In 1669, Spain’s Queen Regent Mariana de Austria (Mariana of Austria) approved the construction of a masonry fort to protect St. Augustine. Today, we know this fortification as the Castillo de San Marcos National Monument. Yet, what do we know about the historical leader behind the monumental decision?
Born on December 24, 1634, Mariana started her life as Maria Anna in Vienna. She was the second daughter of Ferdinand and Maria Anna, the rulers of Hungary and Bohemia. Her family belonged to the House of Habsburgs, one of the most powerful dynasties in Europe. At the age of two, her father became the head of the Holy Roman Empire. Destined for a premier marriage match, she received an education in languages, history, geography, religion, and the arts.
By the age of 12, Maria Anna became engaged to her cousin, the Spanish heir. The engagement did not last as the infante passed away three months later. Instead, her widowed uncle, King Philip IV, at the age of 44-years-old married her on October 7, 1649. Upon becoming the queen consort, she adopted the Spanish name Mariana.
When King Philip IV died in 1665, he left behind Mariana and their two children – Margarita Teresa and Carlos II (Charles II). The Council of Castile appointed Mariana as queen regent until her three-year-old son came of age. Her regency inherited a bankrupt, global empire with increasing political and natural issues. During her decade of power, her contemporaries challenged her ability to govern as both a foreigner and a woman – often leading to costly wars and courtly intrigues.
Of her many decisions as monarch, several saved a faltering St. Augustine. After experiencing years of financial strain, a pirate attack in June 1668 roused Mariana to action. On March 11, 1669, the queen regent issued her decree ordering the viceroy of New Spain to send subsidies to the city. She also added funding for the building of a masonry fortification and additional soldiers. To oversee the project, she sent Don Manuel de Cendoya to St. Augustine as the new royal governor. Her judgement protected and spurred the city’s growth over the following decades. This growth even led to a later governor requesting the same regent queen for a new two-story, coquina Governor’s House in St. Augustine.

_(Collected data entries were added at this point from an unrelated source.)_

(* For every word $C$ over the alphabet $\Sigma_D$ there exists a word $C'$ over $\Sigma_D$ in which the total number of occurrences of the symbols $CCX_{0,1}$, $CCX_{0,2}$, $CCX_{1,2}$ (the Toffoli count of $C'$) is at most $120$, and such that $[\![C]\!] = [\![C']\!]$.
   Context: Qubits are labelled $0,1,2$. The computational basis vector $|x_0x_1x_2\rangle$ ($x_i\in\{0,1\}$) is identified with the standard basis vector $e_{4x_0+2x_1+x_2}$ of $\mathbb{R}^8$, so a $2\times 2$ matrix $M$ acting on qubit $0$, $1$, $2$ is $M\otimes I\otimes I$, $I\otimes M\otimes I$, $I\otimes I\otimes M$ respectively, written $M_j$. Let $X=\begin{bmatrix}0&1\\1&0\end{bmatrix}$, $Z=\begin{bmatrix}1&0\\0&-1\end{bmatrix}$, $H=\frac{1}{\sqrt2}\begin{bmatrix}1&1\\1&-1\end{bmatrix}$. For $j\neq k$, $CX_{j,k}$ (resp. $CZ_{j,k}$) is the $8\times 8$ matrix sending $|x_0x_1x_2\rangle$ to $(X_k)^{x_j}|x_0x_1x_2\rangle$ (resp. $(Z_k)^{x_j}|x_0x_1x_2\rangle$). For $j<k$, $CCX_{j,k}$ sends $|x_0x_1x_2\rangle$ to $(X_l)^{x_jx_k}|x_0x_1x_2\rangle$ where $l$ is the element of $\{0,1,2\}\setminus\{j,k\}$. $K_{j,k}=H_jH_k$, and $\sigma_{j,k}$ is the permutation matrix swapping qubits $j$ and $k$. The alphabet $\Sigma_D$ consists of the $23$ symbols $X_0,X_1,X_2$; $CX_{k,l}$ for all $k\neq l$ in $\{0,1,2\}$; $CCX_{0,1},CCX_{0,2},CCX_{1,2}$; $Z_0,Z_1,Z_2$; $CZ_{0,1},CZ_{0,2},CZ_{1,2}$; $K_{0,1},K_{1,2}$; $\sigma_{0,1},\sigma_{0,2},\sigma_{1,2}$, each interpreted as the corresponding $8\times 8$ matrix. A word $w_1w_2\cdots w_m$ over $\Sigma_D$ is interpreted as the matrix product $[\![w_1w_2\cdots w_m]\!]=[\![w_1]\!][\![w_2]\!]\cdots[\![w_m]\!]$ (the empty word gives the identity). *)

theory Defs
  imports "Jordan_Normal_Form.Matrix"
begin

text \<open>Basis index x in {0..<8} encodes |x0 x1 x2> with x = 4 x0 + 2 x1 + x2.
  Matrices are 8 x 8 real matrices (Jordan_Normal_Form mat).\<close>

definition qbit :: "nat \<Rightarrow> nat \<Rightarrow> nat" where
  "qbit x j = (x div 2 ^ (2 - j)) mod 2"

definition qflip :: "nat \<Rightarrow> nat \<Rightarrow> nat" where
  "qflip x j = (if qbit x j = 1 then x - 2 ^ (2 - j) else x + 2 ^ (2 - j))"

definition perm_mat :: "(nat \<Rightarrow> nat) \<Rightarrow> real mat" where
  "perm_mat f = mat 8 8 (\<lambda>(i, x). if i = f x then 1 else 0)"

definition diag_sign :: "(nat \<Rightarrow> bool) \<Rightarrow> real mat" where
  "diag_sign P = mat 8 8 (\<lambda>(i, x). if i = x then (if P x then -1 else 1) else 0)"

definition X_mat :: "nat \<Rightarrow> real mat" where
  "X_mat j = perm_mat (\<lambda>x. qflip x j)"

definition Z_mat :: "nat \<Rightarrow> real mat" where
  "Z_mat j = diag_sign (\<lambda>x. qbit x j = 1)"

definition CX_mat :: "nat \<Rightarrow> nat \<Rightarrow> real mat" where
  "CX_mat j k = perm_mat (\<lambda>x. if qbit x j = 1 then qflip x k else x)"

definition CZ_mat :: "nat \<Rightarrow> nat \<Rightarrow> real mat" where
  "CZ_mat j k = diag_sign (\<lambda>x. qbit x j = 1 \<and> qbit x k = 1)"

definition CCX_mat :: "nat \<Rightarrow> nat \<Rightarrow> real mat" where
  "CCX_mat j k = perm_mat (\<lambda>x. if qbit x j = 1 \<and> qbit x k = 1 then qflip x (3 - j - k) else x)"

text \<open>Hadamard on qubit j: H tensored with identities.\<close>
definition H_mat :: "nat \<Rightarrow> real mat" where
  "H_mat j = mat 8 8 (\<lambda>(i, x).
     if (\<forall>m<3. m \<noteq> j \<longrightarrow> qbit i m = qbit x m)
     then (if qbit i j = 1 \<and> qbit x j = 1 then - 1 / sqrt 2 else 1 / sqrt 2)
     else 0)"

definition K_mat :: "nat \<Rightarrow> nat \<Rightarrow> real mat" where
  "K_mat j k = H_mat j * H_mat k"

definition swap_mat :: "nat \<Rightarrow> nat \<Rightarrow> real mat" where
  "swap_mat j k = perm_mat (\<lambda>x. if qbit x j = qbit x k then x else qflip (qflip x j) k)"

datatype gate = Xg nat | CXg nat nat | CCXg nat nat | Zg nat | CZg nat nat
  | Kg nat nat | Sg nat nat

definition Sigma_D :: "gate set" where
  "Sigma_D = {Xg 0, Xg 1, Xg 2,
     CXg 0 1, CXg 0 2, CXg 1 0, CXg 1 2, CXg 2 0, CXg 2 1,
     CCXg 0 1, CCXg 0 2, CCXg 1 2,
     Zg 0, Zg 1, Zg 2,
     CZg 0 1, CZg 0 2, CZg 1 2,
     Kg 0 1, Kg 1 2,
     Sg 0 1, Sg 0 2, Sg 1 2}"

fun gate_sem :: "gate \<Rightarrow> real mat" where
  "gate_sem (Xg j) = X_mat j"
| "gate_sem (CXg j k) = CX_mat j k"
| "gate_sem (CCXg j k) = CCX_mat j k"
| "gate_sem (Zg j) = Z_mat j"
| "gate_sem (CZg j k) = CZ_mat j k"
| "gate_sem (Kg j k) = K_mat j k"
| "gate_sem (Sg j k) = swap_mat j k"

definition word_sem :: "gate list \<Rightarrow> real mat" where
  "word_sem w = foldr (\<lambda>g M. gate_sem g * M) w (1\<^sub>m 8)"

fun is_toffoli :: "gate \<Rightarrow> bool" where
  "is_toffoli (CCXg _ _) = True"
| "is_toffoli _ = False"

definition toffoli_count :: "gate list \<Rightarrow> nat" where
  "toffoli_count w = length (filter is_toffoli w)"

end

theory Submission
  imports Defs
begin
(* Let $f:2^{\mathcal{E}_x}\to\mathbb{R}_{\ge 0}$ be normalized, monotone and submodular, and consider $(\mathrm{P}_1)$ under the constraint TU$_b$ (i.e., maximize $f(\mathcal{E})$ over $\mathcal{E}\subseteq\mathcal{E}_x$ with $|\mathcal{E}|\le k$ and some vertex cover $\mathcal{V}$ of $\mathcal{E}$ with $|\mathcal{V}|\le b$), with optimal value $\mathrm{OPT}_1$. Then the algorithm Edge-Greedy (described in the context) returns a feasible solution $\mathcal{E}_{\mathrm{grd}}$ of this problem with $f(\mathcal{E}_{\mathrm{grd}})\ge\alpha_e(b,k)\cdot\mathrm{OPT}_1$, where $\alpha_e(b,k)=1-\exp\big(-\min\{1,b/k\}\big)$.
   Context: $\mathcal{G}=(\mathcal{V}_x,\mathcal{E}_x)$ is a finite simple undirected graph; $b,k\ge1$ are integers. For $\mathcal{V}\subseteq\mathcal{V}_x$, $\mathsf{edges}(\mathcal{V})$ is the set of edges incident to at least one vertex of $\mathcal{V}$. A set function $h$ is normalized if $h(\varnothing)=0$, monotone if $h(A)\le h(B)$ for $A\subseteq B$, submodular if $h(A)+h(B)\ge h(A\cup B)+h(A\cap B)$. Edge-Greedy: Phase I: start with $\mathcal{E}_{\mathrm{grd}}=\varnothing$; for $\min(b,k)$ iterations (or until no edges remain), add an edge $e^\star\in\arg\max_{e\in\mathcal{E}_x\setminus\mathcal{E}_{\mathrm{grd}}}f(\mathcal{E}_{\mathrm{grd}}\cup\{e\})$. Then let $\mathcal{V}_{\mathrm{grd}}$ be a vertex cover of $\mathcal{E}_{\mathrm{grd}}$ obtained by choosing one endpoint of each selected edge. Phase II (only if $k>b$): let $\mathcal{E}_{\mathrm{free}}=\mathsf{edges}(\mathcal{V}_{\mathrm{grd}})\setminus\mathcal{E}_{\mathrm{grd}}$; for $\min(|\mathcal{E}_{\mathrm{free}}|,k-b)$ iterations, add an edge $e^\star\in\arg\max_{e\in\mathcal{E}_{\mathrm{free}}\setminus\mathcal{E}_{\mathrm{grd}}}f(\mathcal{E}_{\mathrm{grd}}\cup\{e\})$. Return $(\mathcal{V}_{\mathrm{grd}},\mathcal{E}_{\mathrm{grd}})$. *)

theory Defs
  imports Complex_Main
begin
lemma card_cells_meeting_edge:
  assumes P: "partition_on M P" and e: "e \<subseteq> M" "card e = 2"
  shows "2 * card {A\<in>P. e \<inter> A \<noteq> {}} = 2 + card {A\<in>P. e \<inter> A \<noteq> {} \<and> e - A \<noteq> {}}"
proof -
  obtain a b where ab: "e = {a, b}" "a \<noteq> b"
    using e(2) by (auto simp: card_2_iff)
  have same_cell: "A = B" if "A \<in> P" "B \<in> P" "x \<in> A" "x \<in> B" for A B x
    using partition_onD2[OF P] that by (auto simp: disjoint_def)
  obtain A\<^sub>a A\<^sub>b where cells: "A\<^sub>a \<in> P" "a \<in> A\<^sub>a" "A\<^sub>b \<in> P" "b \<in> A\<^sub>b"
    using e(1) ab partition_onD1[OF P] by blast
  have meeting: "{A\<in>P. e \<inter> A \<noteq> {}} = {A\<^sub>a, A\<^sub>b}"
    using cells same_cell ab by blast
  show ?thesis
  proof (cases "A\<^sub>a = A\<^sub>b")
    case True
    have crossing: "{A\<in>P. e \<inter> A \<noteq> {} \<and> e - A \<noteq> {}} = {}"
      using True cells same_cell ab by blast
    show ?thesis unfolding meeting crossing using True by simp
  next
    case False
    have crossing: "{A\<in>P. e \<inter> A \<noteq> {} \<and> e - A \<noteq> {}} = {A\<^sub>a, A\<^sub>b}"
      using False cells same_cell ab by blast
    show ?thesis unfolding meeting crossing using False by simp
  qed
qed

lemma sum_num_edges_meeting_partition:
  assumes P: "partition_on M P" "finite P" and E: "\<forall>e\<in>set E. e \<subseteq> M \<and> card e = 2"
  shows "2 * (\<Sum>A\<in>P. num_edges_meeting E A) = 2 * length E + (\<Sum>A\<in>P. cut_size E A)"
proof -
  have "2 * (\<Sum>A\<in>P. num_edges_meeting E A) = (\<Sum>e\<leftarrow>E. 2 * card {A\<in>P. e \<inter> A \<noteq> {}})"
    unfolding num_edges_meeting_def sum_length_filter_swap[OF P(2)] by (simp add: sum_list_const_mult)
  also have "\<dots> = (\<Sum>e\<leftarrow>E. 2 + card {A\<in>P. e \<inter> A \<noteq> {} \<and> e - A \<noteq> {}})"
    by (rule arg_cong[where f = sum_list], rule map_cong[OF refl],
        rule card_cells_meeting_edge[OF P(1)]) (use E in auto)
  also have "\<dots> = 2 * length E + (\<Sum>A\<in>P. cut_size E A)"
    unfolding cut_size_def sum_length_filter_swap[OF P(2)]
    by (simp only: sum_list_addf sum_list_triv) simp
  finally show ?thesis .
qed

lemma Delta_eq_sum_cut_size:
  assumes P: "partition_on (vertices m) P" and G: "loopless_graph m E"
  shows "Delta m E P = (\<Sum>A\<in>P. cut_size E A) / (2 * (real (card P) - 1))"
proof -
  have edges: "\<forall>e\<in>set E. e \<subseteq> vertices m \<and> card e = 2"
    using G by (simp add: loopless_graph_def)
  have "finite P"
    using finite_elements[OF _ P] by (simp add: vertices_def)
  from arg_cong[where f = real, OF sum_num_edges_meeting_partition[OF P this edges]]
  have sum_eq: "2 * (\<Sum>A\<in>P. real (num_edges_meeting E A)) =
      2 * real (length E) + (\<Sum>A\<in>P. real (cut_size E A))"
    by simp
  have "e \<inter> vertices m \<noteq> {}" if "e \<in> set E" for e
    using edges that by (metis Int_absorb2 card.empty zero_neq_numeral)
  then have "num_edges_meeting E (vertices m) = length E"
    by (simp add: num_edges_meeting_def)
  then have excess:
      "(\<Sum>A\<in>P. pin_H E A) - pin_H E (vertices m) = (\<Sum>A\<in>P. real (cut_size E A)) / 2"
    unfolding pin_H_eq_num_edges_meeting using sum_eq by linarith
  show ?thesis
    unfolding Delta_def excess by (simp add: of_nat_sum divide_divide_eq_left)
qed
text \<open>On the tail no point of \<open>C\<close> has more nonzeros than \<open>x\<^sup>k\<^sup>+\<^sup>1\<close>, so \<open>x\<^sup>k\<^sup>+\<^sup>1\<close> minimizes the
  quadratic model over the convex set \<open>C\<close>.\<close>
lemma variational_ineq:
  assumes "K \<le> k" "z \<in> C"
  shows "0 \<le> inner ((L + mu) *\<^sub>R (x (Suc k) - y_seq k) + g (y_seq k)) (z - x (Suc k))"
proof (rule prox_model_min_imp_variational_ineq[OF _ _ convex_C x_in_C \<open>z \<in> C\<close>])
  fix v assume "v \<in> C"
  then have "lam * real (l0norm v) \<le> lam * real (l0norm (x (Suc k)))"
    using supp_stable[of "Suc k"] assms(1) lam
    by (simp add: C_def l0norm_eq_card_supp_vec card_mono)
  with x_Suc_minimizes[of v k] \<open>v \<in> C\<close>
  show "prox_model L mu (g (y_seq k)) (y_seq k) (x (Suc k)) \<le> prox_model L mu (g (y_seq k)) (y_seq k) v"
    by (simp add: C_def)
qed (use L mu assms(1) in auto)

end

locale alg1_cluster = alg1_stable_support +
  fixes p and r :: "nat \<Rightarrow> nat"
  assumes r: "strict_mono r" and x_r: "(x \<circ> r) \<longlonglongrightarrow> p"
begin

lemma x_r_tendsto: "(\<lambda>j. x (r j)) \<longlonglongrightarrow> p"
  using x_r by (simp add: o_def)

lemma p_in_box: "p \<in> X"
  using closed_sequentially[OF compact_imp_closed[OF compact_box_set[of l u]], of "\<lambda>j. x (r j)"]
    x_in_box x_r_tendsto by blast

lemma supp_vec_p: "supp_vec p = S"
proof (intro set_eqI iffI)
  fix i assume "i \<in> S"
  then have nz: "x (r j) $ i \<noteq> 0" if "K \<le> j" for j
    using supp_stable[of "r j"] seq_suble[OF r, of j] that by (auto simp: supp_vec_def)
  show "i \<in> supp_vec p"
  proof (cases "l $ i \<le> 0 \<and> 0 \<le> u $ i")
    case True
    obtain \<delta> where "\<delta> > 0"
      and \<delta>: "\<And>k i. l $ i \<le> 0 \<Longrightarrow> 0 \<le> u $ i \<Longrightarrow> x (Suc k) $ i \<noteq> 0 \<Longrightarrow> \<delta> \<le> \<bar>x (Suc k) $ i\<bar>"
      using nonzero_component_lower_bound by blast
    have "\<delta> \<le> \<bar>x (r j) $ i\<bar>" if "Suc K \<le> j" for j
    proof -
      have "r j = Suc (r j - 1)"
        using seq_suble[OF r, of j] that by simp
      then show ?thesis
        using \<delta>[of i "r j - 1"] True nz[of j] that by simp
    qed
    moreover have "(\<lambda>j. \<bar>x (r j) $ i\<bar>) \<longlonglongrightarrow> \<bar>p $ i\<bar>"
      using x_r_tendsto by (intro tendsto_intros)
    ultimately have "\<delta> \<le> \<bar>p $ i\<bar>"
      using LIMSEQ_le_const by blast
    with \<open>\<delta> > 0\<close> show ?thesis
      by (auto simp: supp_vec_def)
  next
    case False
    moreover have "l $ i \<le> p $ i" "p $ i \<le> u $ i"
      using p_in_box by (auto simp: box_set_def)
    ultimately show ?thesis
      by (auto simp: supp_vec_def)
  qed
next
  fix i assume "i \<in> supp_vec p"
  show "i \<in> S"
  proof (rule ccontr)
    assume "i \<notin> S"
    then have "x (r j) $ i = 0" if "K \<le> j" for j
      using supp_stable[of "r j"] seq_suble[OF r, of j] that by (auto simp: supp_vec_def)
    then have "eventually (\<lambda>j. x (r j) $ i = 0) sequentially"
      by (auto simp: eventually_sequentially)
    moreover have "(\<lambda>j. x (r j) $ i) \<longlonglongrightarrow> p $ i"
      using x_r_tendsto by (intro tendsto_intros)
    ultimately have "p $ i = 0"
      using LIMSEQ_unique[OF _ tendsto_eventually] by blast
    with \<open>i \<in> supp_vec p\<close> show False
      by (simp add: supp_vec_def)
  qed
qed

Back in Europe, an opposition grew against Mariana. Juan José de Austria (John Joseph of Austria), Philip IV’s illegitimate son, headed a military uprising in 1669 and again in 1677. The second successful coup resulted in Mariana’s exile from court. Yet, the queen regent returned once more to rule on behalf of her sickly son in 1679. Queen Regent Mariana of Austria reigned until her death on May 16, 1696 – a year after the completion of the Castillo de San Marcos.